A esses metais somam-se partículas ultrafinas, óxidos de nitrogênio, dióxido de enxofre e monóxido de carbono. Essas substâncias não desaparecem com o fim do espetáculo. Permanecem suspensas no ar, depositam-se no solo, escorrem para corpos d’água e ingressam na cadeia alimentar.

Em termos técnicos, o cenário que se forma após grandes queimas se assemelha ao observado em áreas submetidas a detonações de artefatos explosivos em contextos militares de baixa intensidade, com picos súbitos de poluição atmosférica e deposição química persistente. A diferença está apenas no enquadramento alegórico e na escala material do impacto, não em sua essência.

Fumaça iluminada pelos fogos em Copacabana — Foto: Júnior Alves/TV Globo

O mesmo se aplica à dimensão sonora. Os estampidos alcançam níveis de pressão acústica comparáveis aos de detonações utilizadas em operações armadas, ativando respostas neurofisiológicas idênticas. O corpo humano não distingue a origem do som. O sistema nervoso reage da mesma forma, acionando mecanismos de sobrevivência, elevando hormônios do estresse e desorganizando funções vitais.

Em contextos de guerra, esses efeitos são reconhecidos como trauma acústico. Em situações festivas, são tratados como efeito colateral aceitável. A fisiologia, porém, não opera por convenções culturais.

Nos animais, o paralelismo é ainda mais evidente. Não há compreensão capaz de converter explosões em alegria. O que existe, para eles, é apenas ameaça. Na recusa instintiva ao ruído e ao impacto, talvez resida uma lição ética que a humanidade ainda precisa aprender. A audição ampliada transforma o ambiente em território hostil, produzindo fugas desesperadas, colisões, abortos, mortes súbitas, abandono de ninhos e ruptura de ciclos ecológicos.

Algo análogo acontece com pessoas autistas, idosos e indivíduos com necessidades especiais, para quem o estrondo significa ruptura, colapso sensorial e grande tormento.

O uso de fogos barulhentos revela a persistência de uma lógica de força e domínio. O estouro opera como demonstração figurada de poder e ocupação do espaço comum, suspendendo temporariamente qualquer consideração pelo outro.
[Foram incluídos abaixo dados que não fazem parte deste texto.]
(* Let $f(z)=e^z$, let $K\subset\mathbb{C}\setminus\{0\}$ be compact, and let $U\subset\mathbb{C}$ be open and nonempty. Then there is $N\in\mathbb{N}$ such that $K\subset f^n(U)$ for all $n\geq N$.
   Context: $f^n$ denotes the $n$-th iterate of $f$. *)

theory Defs
  imports "HOL-Analysis.Analysis"
begin

end

theory Submission
  imports Defs "HOL-Complex_Analysis.Complex_Analysis"
begin

(* Let V_n = exp^n(U).  The argument has three stages.
   (1) Expansion.  Along every orbit z_n = exp^n(z) the derivative
       |(exp^n)'(z)| = prod_{j<n} exp(Re z_j) is unbounded: if it were bounded, the
       contraction |sin t| < |t| would force |Im z_n| < 1/2 eventually, after which
       Re z_n grows by 1/4 per step and the product grows geometrically.
       Bloch's theorem then puts a disc of radius > pi/2 into some V_n, so some
       V_{n+1} meets the real axis; V_{n+1} is open, so it contains a small square
       centred on the real axis.
   (2) Growth of squares.  exp maps the square of half-side h <= 1 around a real c onto
       a set containing the square of half-side exp(c) h/4 around exp(c); along the real
       orbit of c the half-sides grow until they exceed 8 > pi, and the exponential of
       such a square is a wide annulus.  Two more steps give exp(-7) < |w| < exp 7.
   (3) Growth of annuli.  exp maps the annulus exp(-X) < |w| < exp X onto a set
       containing the next one with X + 1, and every compact K avoiding 0 lies in
       one of these annuli; this gives all large n at once. *)

lemma sin_le_quartic:
  fixes t :: real
  shows "sin t \<le> t - t^3/6 + t^4/24"
proof -
  have taylor: "(\<Sum>m<4. sin_coeff m * t ^ m) = t - t^3/6"
    by (simp add: lessThan_nat_numeral sin_coeff_def fact_numeral)
  have remainder: "inverse (fact 4) * \<bar>t\<bar> ^ 4 = t^4 / (24::real)"
    by (simp add: fact_numeral)
  have "\<bar>sin t - (t - t^3/6)\<bar> \<le> t^4/24"
    using Maclaurin_sin_bound[of t 4] unfolding taylor remainder .
  then show ?thesis by linarith
qed

(* Away from the origin the sine is a strict contraction; this drives the imaginary
   parts of a bounded-derivative orbit towards zero. *)
lemma abs_sin_contract:
  fixes t :: real
  assumes "1/2 \<le> \<bar>t\<bar>"
  shows "\<bar>sin t\<bar> \<le> 47/48 * \<bar>t\<bar>"
proof -
  define s where "s = \<bar>t\<bar>"
  have abs_sin: "\<bar>sin t\<bar> = \<bar>sin s\<bar>" by (simp add: s_def abs_if)
  have s: "1/2 \<le> s" using assms by (simp add: s_def)
  show ?thesis
  proof (cases "s \<le> 2")
    case True
    have "0 \<le> sin s" using s True pi_gt3 by (intro sin_ge_zero) auto
    have "s^3 * (4 - s) \<ge> s^3 * 2" using True s by (intro mult_left_mono) auto
    moreover have "s^3 \<ge> s / 4"
    proof -
      have "s^2 \<ge> (1/2)^2" using s by (intro power_mono) auto
      then have "s * s^2 \<ge> s * (1/4)" using s by (intro mult_left_mono) (auto simp: power2_eq_square)
      then show ?thesis by (simp add: power3_eq_cube power2_eq_square mult_ac)
    qed
    moreover have "s - s^3/6 + s^4/24 = s - s^3 * (4 - s) / 24"
      by (simp add: power_numeral_reduce field_simps)
    ultimately have "s - s^3/6 + s^4/24 \<le> 47/48 * s" by linarith
    then show ?thesis using sin_le_quartic[of s] \<open>0 \<le> sin s\<close> abs_sin
      by (simp add: s_def)
  next
    case False
    then show ?thesis using abs_sin_le_one[of t] s_def by linarith
  qed
qed

lemma exp_half_ge: "t + 1/4 \<le> exp (t::real) / 2"
proof (cases "t \<le> 1/2")
  case True
  then show ?thesis using exp_ge_add_one_self[of t] by linarith
next
  case False
  then have "1 + t + t^2/2 \<le> exp t" by (intro exp_lower_Taylor_quadratic) auto
  moreover have "0 \<le> (t - 1)^2" by simp
  moreover have "(t - 1)^2 = t^2 - 2*t + 1" by (simp add: power2_diff)
  ultimately show ?thesis by linarith
qed

lemma exp_neg_le_one_minus_quarter:
  fixes h :: real
  assumes "0 \<le> h" "h \<le> 1"
  shows "exp (-h) \<le> 1 - h/4"
proof -
  have "1 \<le> (1 - h/4) * (1 + h)"
  proof -
    have "0 \<le> h * (3 - h)" using assms by simp
    moreover have "(1 - h/4) * (1 + h) = 1 + h * (3 - h) / 4" by (simp add: field_simps)
    ultimately show ?thesis by simp
  qed
  then have "1 / (1 + h) \<le> 1 - h/4" using assms by (simp add: divide_le_eq)
  moreover have "exp (-h) \<le> 1 / (1 + h)"
    using exp_ge_add_one_self[of h] assms by (simp add: exp_minus field_simps)
  ultimately show ?thesis by linarith
qed

lemma ln_between:
  fixes x :: real
  assumes "exp a < x" "x < exp b"
  shows "a < ln x" "ln x < b"
  using assms by (metis exp_gt_zero ln_exp ln_less_cancel_iff order.strict_trans)+

lemma prod_unbounded_if_eventually_ge_2:
  fixes f :: "nat \<Rightarrow> real"
  assumes pos: "\<And>n. 0 < f n" and large: "\<forall>\<^sub>F n in sequentially. 2 \<le> f n"
  shows "\<not> (\<exists>M. \<forall>n. (\<Prod>j<n. f j) \<le> M)"
proof
  assume "\<exists>M. \<forall>n. (\<Prod>j<n. f j) \<le> M"
  then obtain M where M: "\<And>n. (\<Prod>j<n. f j) \<le> M" by blast
  obtain n0 where n0: "\<And>n. n0 \<le> n \<Longrightarrow> 2 \<le> f n"
    using large by (auto simp: eventually_sequentially)
  define P0 where "P0 = (\<Prod>j<n0. f j)"
  have "0 < P0" by (simp add: P0_def pos prod_pos)
  have geometric: "2^k * P0 \<le> (\<Prod>j<n0 + k. f j)" for k
  proof (induction k)
    case (Suc k)
    have "2^Suc k * P0 = 2 * (2^k * P0)" by simp
    also have "\<dots> \<le> f (n0 + k) * (\<Prod>j<n0 + k. f j)"
      using Suc.IH n0[of "n0 + k"] \<open>0 < P0\<close> by (intro mult_mono) auto
    also have "\<dots> = (\<Prod>j<n0 + Suc k. f j)" by (simp add: mult.commute)
    finally show ?case .
  qed (simp add: P0_def)
  obtain k where "M / P0 < 2^k" using real_arch_pow[of 2 "M / P0"] by auto
  then have "M < 2^k * P0" using \<open>0 < P0\<close> by (simp add: divide_less_eq)
  then show False using geometric[of k] M[of "n0 + k"] by linarith
qed

lemma iterate_image_Suc: "(exp ^^ Suc n) ` U = exp ` (exp ^^ n) ` (U::complex set)"
  by (simp add: image_comp)

lemma iterate_has_derivative:
  "((exp ^^ n) has_field_derivative (\<Prod>j<n. exp ((exp ^^ j) z))) (at (z::complex))"
proof (induction n)
  case (Suc n)
  have "((\<lambda>x. exp ((exp ^^ n) x)) has_field_derivative
          exp ((exp ^^ n) z) * (\<Prod>j<n. exp ((exp ^^ j) z))) (at z)"
    by (rule DERIV_chain2[OF DERIV_exp Suc.IH])
  then show ?case by (simp add: mult.commute)
qed simp

lemma iterate_holomorphic: "(exp ^^ n) holomorphic_on (S::complex set)"
  unfolding holomorphic_on_def field_differentiable_def
  using iterate_has_derivative has_field_derivative_at_within by blast

lemma iterate_image_open:
  assumes "open (U::complex set)"
  shows "open ((exp ^^ n) ` U)"
proof (induction n)
  case (Suc n)
  have "\<not> exp constant_on (UNIV::complex set)"
  proof
    assume "exp constant_on (UNIV::complex set)"
    then obtain c where "\<And>w::complex. exp w = c" by (auto simp: constant_on_def)
    then have "exp (0::complex) = exp (\<i> * pi)" by metis
    then show False by (simp add: exp_Euler)
  qed
  then have "open (exp ` (exp ^^ n) ` U)"
    using Suc by (intro open_mapping_thm[of exp UNIV]) (auto intro: holomorphic_intros)
  then show ?case by (simp only: iterate_image_Suc)
qed (use assms in simp)

(* If the derivative along the orbit of z stays bounded by M,
   the quantity |Im z_n| / |(exp^n)'(z)| is nonincreasing and drops by at least 1/(96 M)
   whenever |Im z_n| >= 1/2; as it converges, this happens only finitely often. *)
lemma orbit_imag_eventually_small:
  fixes z :: complex
  assumes bound: "\<And>n. (\<Prod>j<n. exp (Re ((exp ^^ j) z))) \<le> M"
  shows "\<forall>\<^sub>F n in sequentially. \<bar>Im ((exp ^^ n) z)\<bar> < 1/2"
proof -
  define y where "y n = Im ((exp ^^ n) z)" for n
  define Q where "Q n = (\<Prod>j<n. exp (Re ((exp ^^ j) z)))" for n
  define a where "a n = \<bar>y n\<bar> / Q n" for n
  have Q_pos: "0 < Q n" for n by (simp add: Q_def prod_pos)
  have M_pos: "0 < M" using bound[of 0] by simp
  have y_Suc: "y (Suc n) = exp (Re ((exp ^^ n) z)) * sin (y n)" for n
    by (simp add: y_def Im_exp)
  have Q_Suc: "Q (Suc n) = exp (Re ((exp ^^ n) z)) * Q n" for n
    by (simp add: Q_def mult.commute)
  have a_drop: "a n - a (Suc n) = (\<bar>y n\<bar> - \<bar>sin (y n)\<bar>) / Q n" for n
    by (simp add: a_def y_Suc Q_Suc abs_mult diff_divide_distrib)
  have "decseq a"
    using a_drop abs_sin_x_le_abs_x Q_pos
    by (intro decseq_SucI) (metis diff_ge_0_iff_ge divide_nonneg_pos)
  moreover have "\<forall>n. 0 \<le> a n" by (simp add: a_def Q_pos less_imp_le)
  ultimately obtain L where "a \<longlonglongrightarrow> L" using decseq_convergent by blast
  then have "(\<lambda>n. a n - a (Suc n)) \<longlonglongrightarrow> L - L" by (intro tendsto_diff LIMSEQ_Suc)
  then have "\<forall>\<^sub>F n in sequentially. a n - a (Suc n) < 1 / (96 * M)"
    using M_pos by (intro order_tendstoD(2)) auto
  then show ?thesis
  proof (rule eventually_mono)
    fix n assume small: "a n - a (Suc n) < 1 / (96 * M)"
    show "\<bar>Im ((exp ^^ n) z)\<bar> < 1/2"
    proof (rule ccontr)
      assume "\<not> ?thesis"
      then have big: "1/2 \<le> \<bar>y n\<bar>" by (simp add: y_def)
      then have "\<bar>y n\<bar> / 48 \<le> \<bar>y n\<bar> - \<bar>sin (y n)\<bar>" using abs_sin_contract by force
      moreover have "1 / (96 * M) \<le> (\<bar>y n\<bar> / 48) / M" using big M_pos by (simp add: field_simps)
      moreover have "(\<bar>y n\<bar> / 48) / M \<le> (\<bar>y n\<bar> - \<bar>sin (y n)\<bar>) / Q n"
        using calculation(1) big Q_pos[of n] bound[of n]
        by (intro frac_le) (auto simp: Q_def)
      ultimately show False using small a_drop[of n] by linarith
    qed
  qed
qed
É um gesto que se impõe, não que acolhe.

É nesse ponto que a alegoria da caverna de Platão se apresenta como chave interpretativa. Os clarões e formas momentâneas dos fogos atuam como sombras projetadas na parede, suficientes para capturar o olhar, insuficientes para revelar a realidade. A luz artificial e ruidosa distrai, anestesia e mantém a consciência voltada para o espetáculo, enquanto os efeitos concretos permanecem fora do campo de percepção.

Sair da caverna implica suportar o desconforto da lucidez, reconhecer que aquilo que se toma por festividade reproduz, em essência, uma lógica de violência normalizada. Não é fortuito que a lucidez costuma despertar resistência e tentativas de silenciamento.

A insistência nesse tipo de festa expõe a dificuldade coletiva de reconhecer os limites éticos da própria alegria. Quando a felicidade depende da produção de medo, dor, aflição ou contaminação, ela se desloca para um campo mais próximo da dominação do que do convívio.

A explosão que ilumina o céu por segundos deixa no chão resíduos que persistem por meses. O fenômeno, em sua estrutura, é o mesmo. A comparação não é exagero. É diagnóstico.

Fogos de artifício reproduzem, em escala reduzida e socialmente legitimada, elementos centrais da experiência bélica. Detonação, poluição química, trauma acústico, devastação ambiental e sofrimento de inocentes. A única diferença é que, nesse caso, a violência recebe o nome de festa.

Uma sociedade que avança moralmente aprende a reconhecer quando certos hábitos se tornam incompatíveis com o conhecimento acumulado. Celebrar a vida por meio de ações que replicam o mecanismo da destruição constitui um atraso civilizatório.

É impreterível proibir, em âmbito nacional, a fabricação e a comercialização dos fogos tradicionais. Trata-se de um avanço moral tardio, mas inadiável. Não é o fim das celebrações, mas a evolução de todas elas.

Já existem alternativas tecnológicas e éticas capazes de produzir beleza sem violações, como espetáculos de drones luminosos, projeções mapeadas e feixes de luz que não ferem, não aterrorizam e não deixam destroços.

A paz, o amor, a empatia, a solidariedade etc. não se constroem com explosões, mesmo quando elas brilham.